What to work on >> The material below contains a line with "difference of the success" and a line with "logistic x = (y". Copy exactly those two lines and all lines between them.

Task material >>
####################

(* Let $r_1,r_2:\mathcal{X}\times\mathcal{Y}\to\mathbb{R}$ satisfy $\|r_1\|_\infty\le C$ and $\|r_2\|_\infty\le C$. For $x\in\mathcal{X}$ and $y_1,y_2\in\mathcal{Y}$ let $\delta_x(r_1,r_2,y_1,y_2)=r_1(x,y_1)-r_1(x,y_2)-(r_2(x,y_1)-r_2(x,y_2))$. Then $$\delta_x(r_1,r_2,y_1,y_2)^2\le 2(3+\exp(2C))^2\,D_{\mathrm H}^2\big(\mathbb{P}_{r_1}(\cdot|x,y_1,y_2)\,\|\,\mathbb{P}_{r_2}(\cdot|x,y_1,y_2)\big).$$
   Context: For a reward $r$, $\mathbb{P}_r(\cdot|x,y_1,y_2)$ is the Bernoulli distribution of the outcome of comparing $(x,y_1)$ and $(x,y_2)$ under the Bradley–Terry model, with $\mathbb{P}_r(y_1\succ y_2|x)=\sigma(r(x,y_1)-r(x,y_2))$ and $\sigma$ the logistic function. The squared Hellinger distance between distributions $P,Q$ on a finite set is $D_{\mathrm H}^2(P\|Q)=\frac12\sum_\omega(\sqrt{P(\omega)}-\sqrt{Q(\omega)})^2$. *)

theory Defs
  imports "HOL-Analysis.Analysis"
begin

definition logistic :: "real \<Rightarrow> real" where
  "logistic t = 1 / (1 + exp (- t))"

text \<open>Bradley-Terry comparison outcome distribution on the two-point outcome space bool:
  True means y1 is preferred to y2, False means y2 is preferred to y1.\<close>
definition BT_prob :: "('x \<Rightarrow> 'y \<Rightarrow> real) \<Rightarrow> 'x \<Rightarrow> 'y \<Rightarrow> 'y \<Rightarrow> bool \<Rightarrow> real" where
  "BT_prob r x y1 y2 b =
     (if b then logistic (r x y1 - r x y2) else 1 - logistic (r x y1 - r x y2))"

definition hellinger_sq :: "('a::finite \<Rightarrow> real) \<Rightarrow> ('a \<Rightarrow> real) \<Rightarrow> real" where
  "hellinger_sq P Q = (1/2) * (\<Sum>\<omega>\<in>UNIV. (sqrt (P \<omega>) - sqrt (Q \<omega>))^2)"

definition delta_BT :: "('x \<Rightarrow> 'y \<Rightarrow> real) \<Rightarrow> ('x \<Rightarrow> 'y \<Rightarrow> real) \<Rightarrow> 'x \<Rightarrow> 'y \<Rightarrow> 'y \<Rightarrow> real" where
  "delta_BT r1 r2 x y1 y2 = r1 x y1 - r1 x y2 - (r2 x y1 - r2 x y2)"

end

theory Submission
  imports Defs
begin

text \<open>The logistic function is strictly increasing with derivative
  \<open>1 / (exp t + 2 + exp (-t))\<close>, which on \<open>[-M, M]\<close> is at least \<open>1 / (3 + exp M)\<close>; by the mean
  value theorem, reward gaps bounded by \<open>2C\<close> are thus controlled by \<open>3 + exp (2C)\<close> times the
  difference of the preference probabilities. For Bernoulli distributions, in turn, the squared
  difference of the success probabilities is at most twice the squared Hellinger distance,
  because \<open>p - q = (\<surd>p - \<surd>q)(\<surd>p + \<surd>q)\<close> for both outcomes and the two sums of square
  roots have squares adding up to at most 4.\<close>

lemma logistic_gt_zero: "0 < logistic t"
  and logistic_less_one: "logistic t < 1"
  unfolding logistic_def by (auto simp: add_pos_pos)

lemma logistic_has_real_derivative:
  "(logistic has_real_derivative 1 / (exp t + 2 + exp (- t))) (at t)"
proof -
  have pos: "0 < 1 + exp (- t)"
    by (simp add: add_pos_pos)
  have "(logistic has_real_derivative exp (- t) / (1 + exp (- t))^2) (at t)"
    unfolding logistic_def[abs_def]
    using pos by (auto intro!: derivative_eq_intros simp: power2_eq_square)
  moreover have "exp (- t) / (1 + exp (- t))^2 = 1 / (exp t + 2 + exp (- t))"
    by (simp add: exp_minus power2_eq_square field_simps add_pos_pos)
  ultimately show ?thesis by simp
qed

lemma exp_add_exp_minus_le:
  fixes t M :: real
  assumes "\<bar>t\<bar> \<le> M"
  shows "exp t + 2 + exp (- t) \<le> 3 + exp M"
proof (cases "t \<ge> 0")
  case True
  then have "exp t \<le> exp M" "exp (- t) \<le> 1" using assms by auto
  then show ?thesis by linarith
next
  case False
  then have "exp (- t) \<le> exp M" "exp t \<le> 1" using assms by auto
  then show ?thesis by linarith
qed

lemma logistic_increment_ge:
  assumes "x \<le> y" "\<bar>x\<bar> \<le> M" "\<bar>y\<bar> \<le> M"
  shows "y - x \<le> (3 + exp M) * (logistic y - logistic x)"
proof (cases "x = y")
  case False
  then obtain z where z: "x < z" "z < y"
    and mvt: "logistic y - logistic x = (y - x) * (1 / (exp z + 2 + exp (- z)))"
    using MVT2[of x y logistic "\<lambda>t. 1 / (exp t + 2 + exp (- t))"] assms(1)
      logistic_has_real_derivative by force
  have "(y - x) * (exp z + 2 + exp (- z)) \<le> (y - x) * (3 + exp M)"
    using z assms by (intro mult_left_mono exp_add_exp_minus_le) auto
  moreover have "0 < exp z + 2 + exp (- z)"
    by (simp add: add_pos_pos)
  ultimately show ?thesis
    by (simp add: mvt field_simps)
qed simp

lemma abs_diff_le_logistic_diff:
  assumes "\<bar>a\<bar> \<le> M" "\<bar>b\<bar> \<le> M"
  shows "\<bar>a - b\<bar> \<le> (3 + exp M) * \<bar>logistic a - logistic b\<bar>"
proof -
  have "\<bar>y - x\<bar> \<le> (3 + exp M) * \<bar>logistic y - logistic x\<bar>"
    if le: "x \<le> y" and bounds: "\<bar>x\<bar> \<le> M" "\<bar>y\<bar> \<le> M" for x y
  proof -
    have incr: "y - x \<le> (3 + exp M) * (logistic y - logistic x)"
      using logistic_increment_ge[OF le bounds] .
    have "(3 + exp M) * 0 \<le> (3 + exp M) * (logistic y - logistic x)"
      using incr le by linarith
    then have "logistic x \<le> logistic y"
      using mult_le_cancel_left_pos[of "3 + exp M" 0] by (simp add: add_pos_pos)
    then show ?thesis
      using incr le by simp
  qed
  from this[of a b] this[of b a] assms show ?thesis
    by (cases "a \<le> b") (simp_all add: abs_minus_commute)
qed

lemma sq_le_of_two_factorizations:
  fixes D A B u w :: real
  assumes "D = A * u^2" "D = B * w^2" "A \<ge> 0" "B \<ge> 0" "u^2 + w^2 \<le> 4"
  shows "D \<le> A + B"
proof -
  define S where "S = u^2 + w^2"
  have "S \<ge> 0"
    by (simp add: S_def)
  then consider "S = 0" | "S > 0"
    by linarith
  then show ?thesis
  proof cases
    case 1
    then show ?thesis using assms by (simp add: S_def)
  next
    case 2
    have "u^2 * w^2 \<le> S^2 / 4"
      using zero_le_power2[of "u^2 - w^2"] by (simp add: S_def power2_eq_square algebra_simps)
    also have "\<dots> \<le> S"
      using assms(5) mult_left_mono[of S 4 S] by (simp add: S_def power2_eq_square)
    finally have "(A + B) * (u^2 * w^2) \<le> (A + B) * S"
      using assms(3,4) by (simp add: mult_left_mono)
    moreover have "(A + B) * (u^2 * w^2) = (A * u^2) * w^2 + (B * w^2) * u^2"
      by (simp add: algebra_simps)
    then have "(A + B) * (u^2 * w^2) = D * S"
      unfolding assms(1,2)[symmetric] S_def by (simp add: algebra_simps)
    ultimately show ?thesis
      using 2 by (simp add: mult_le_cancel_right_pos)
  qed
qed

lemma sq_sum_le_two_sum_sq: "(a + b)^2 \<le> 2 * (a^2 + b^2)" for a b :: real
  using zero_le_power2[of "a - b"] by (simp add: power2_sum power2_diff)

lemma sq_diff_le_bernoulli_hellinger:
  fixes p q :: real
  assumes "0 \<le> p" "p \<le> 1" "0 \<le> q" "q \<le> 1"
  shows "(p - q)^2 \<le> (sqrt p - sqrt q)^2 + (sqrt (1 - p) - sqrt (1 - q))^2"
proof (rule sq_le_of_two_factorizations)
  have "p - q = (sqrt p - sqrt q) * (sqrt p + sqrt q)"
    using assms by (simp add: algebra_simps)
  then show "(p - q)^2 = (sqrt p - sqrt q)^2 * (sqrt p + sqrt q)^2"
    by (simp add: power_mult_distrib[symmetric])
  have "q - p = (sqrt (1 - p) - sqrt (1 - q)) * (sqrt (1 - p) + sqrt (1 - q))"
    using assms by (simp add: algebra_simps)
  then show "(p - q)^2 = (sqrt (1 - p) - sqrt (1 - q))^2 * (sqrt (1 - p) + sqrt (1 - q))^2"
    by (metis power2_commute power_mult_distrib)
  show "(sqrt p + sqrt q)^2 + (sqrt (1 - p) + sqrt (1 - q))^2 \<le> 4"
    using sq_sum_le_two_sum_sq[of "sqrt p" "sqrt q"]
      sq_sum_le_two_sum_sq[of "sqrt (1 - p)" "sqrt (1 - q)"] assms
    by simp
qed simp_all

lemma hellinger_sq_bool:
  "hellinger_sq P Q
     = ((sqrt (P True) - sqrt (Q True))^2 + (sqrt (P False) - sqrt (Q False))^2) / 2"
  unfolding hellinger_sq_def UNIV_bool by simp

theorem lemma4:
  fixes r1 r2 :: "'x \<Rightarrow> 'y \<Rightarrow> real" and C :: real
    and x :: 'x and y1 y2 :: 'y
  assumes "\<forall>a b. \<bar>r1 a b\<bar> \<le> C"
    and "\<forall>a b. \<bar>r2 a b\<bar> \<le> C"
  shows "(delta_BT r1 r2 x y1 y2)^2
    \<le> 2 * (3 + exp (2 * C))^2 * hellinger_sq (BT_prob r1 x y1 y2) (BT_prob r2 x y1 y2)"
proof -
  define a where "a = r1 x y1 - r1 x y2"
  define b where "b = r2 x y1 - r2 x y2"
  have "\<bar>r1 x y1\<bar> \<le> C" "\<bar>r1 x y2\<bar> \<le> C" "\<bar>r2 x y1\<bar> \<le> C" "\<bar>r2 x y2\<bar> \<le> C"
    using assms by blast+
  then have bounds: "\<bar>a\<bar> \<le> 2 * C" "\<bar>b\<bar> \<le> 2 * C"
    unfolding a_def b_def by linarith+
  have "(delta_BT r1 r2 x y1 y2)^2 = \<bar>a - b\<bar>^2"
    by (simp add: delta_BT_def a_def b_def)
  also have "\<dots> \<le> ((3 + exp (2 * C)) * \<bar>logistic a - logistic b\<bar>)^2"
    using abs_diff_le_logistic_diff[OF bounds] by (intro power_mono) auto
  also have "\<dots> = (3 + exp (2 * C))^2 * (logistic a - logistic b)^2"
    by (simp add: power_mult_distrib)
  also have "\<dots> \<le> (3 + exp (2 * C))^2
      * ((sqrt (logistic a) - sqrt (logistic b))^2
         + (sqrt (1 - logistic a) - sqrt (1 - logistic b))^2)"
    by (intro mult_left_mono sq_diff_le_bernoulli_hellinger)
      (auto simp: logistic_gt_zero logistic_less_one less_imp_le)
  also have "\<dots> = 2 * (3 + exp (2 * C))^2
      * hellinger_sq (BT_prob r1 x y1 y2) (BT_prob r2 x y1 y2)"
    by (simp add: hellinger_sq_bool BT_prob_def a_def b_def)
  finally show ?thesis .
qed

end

####################

Response to the task >>
  difference of the success probabilities is at most twice the squared Hellinger distance,
  because \<open>p - q = (\<surd>p - \<surd>q)(\<surd>p + \<surd>q)\<close> for both outcomes and the two sums of square
  roots have squares adding up to at most 4.\<close>

lemma logistic_gt_zero: "0 < logistic t"
  and logistic_less_one: "logistic t < 1"
  unfolding logistic_def by (auto simp: add_pos_pos)

lemma logistic_has_real_derivative:
  "(logistic has_real_derivative 1 / (exp t + 2 + exp (- t))) (at t)"
proof -
  have pos: "0 < 1 + exp (- t)"
    by (simp add: add_pos_pos)
  have "(logistic has_real_derivative exp (- t) / (1 + exp (- t))^2) (at t)"
    unfolding logistic_def[abs_def]
    using pos by (auto intro!: derivative_eq_intros simp: power2_eq_square)
  moreover have "exp (- t) / (1 + exp (- t))^2 = 1 / (exp t + 2 + exp (- t))"
    by (simp add: exp_minus power2_eq_square field_simps add_pos_pos)
  ultimately show ?thesis by simp
qed

lemma exp_add_exp_minus_le:
  fixes t M :: real
  assumes "\<bar>t\<bar> \<le> M"
  shows "exp t + 2 + exp (- t) \<le> 3 + exp M"
proof (cases "t \<ge> 0")
  case True
  then have "exp t \<le> exp M" "exp (- t) \<le> 1" using assms by auto
  then show ?thesis by linarith
next
  case False
  then have "exp (- t) \<le> exp M" "exp t \<le> 1" using assms by auto
  then show ?thesis by linarith
qed

lemma logistic_increment_ge:
  assumes "x \<le> y" "\<bar>x\<bar> \<le> M" "\<bar>y\<bar> \<le> M"
  shows "y - x \<le> (3 + exp M) * (logistic y - logistic x)"
proof (cases "x = y")
  case False
  then obtain z where z: "x < z" "z < y"
    and mvt: "logistic y - logistic x = (y - x) * (1 / (exp z + 2 + exp (- z)))"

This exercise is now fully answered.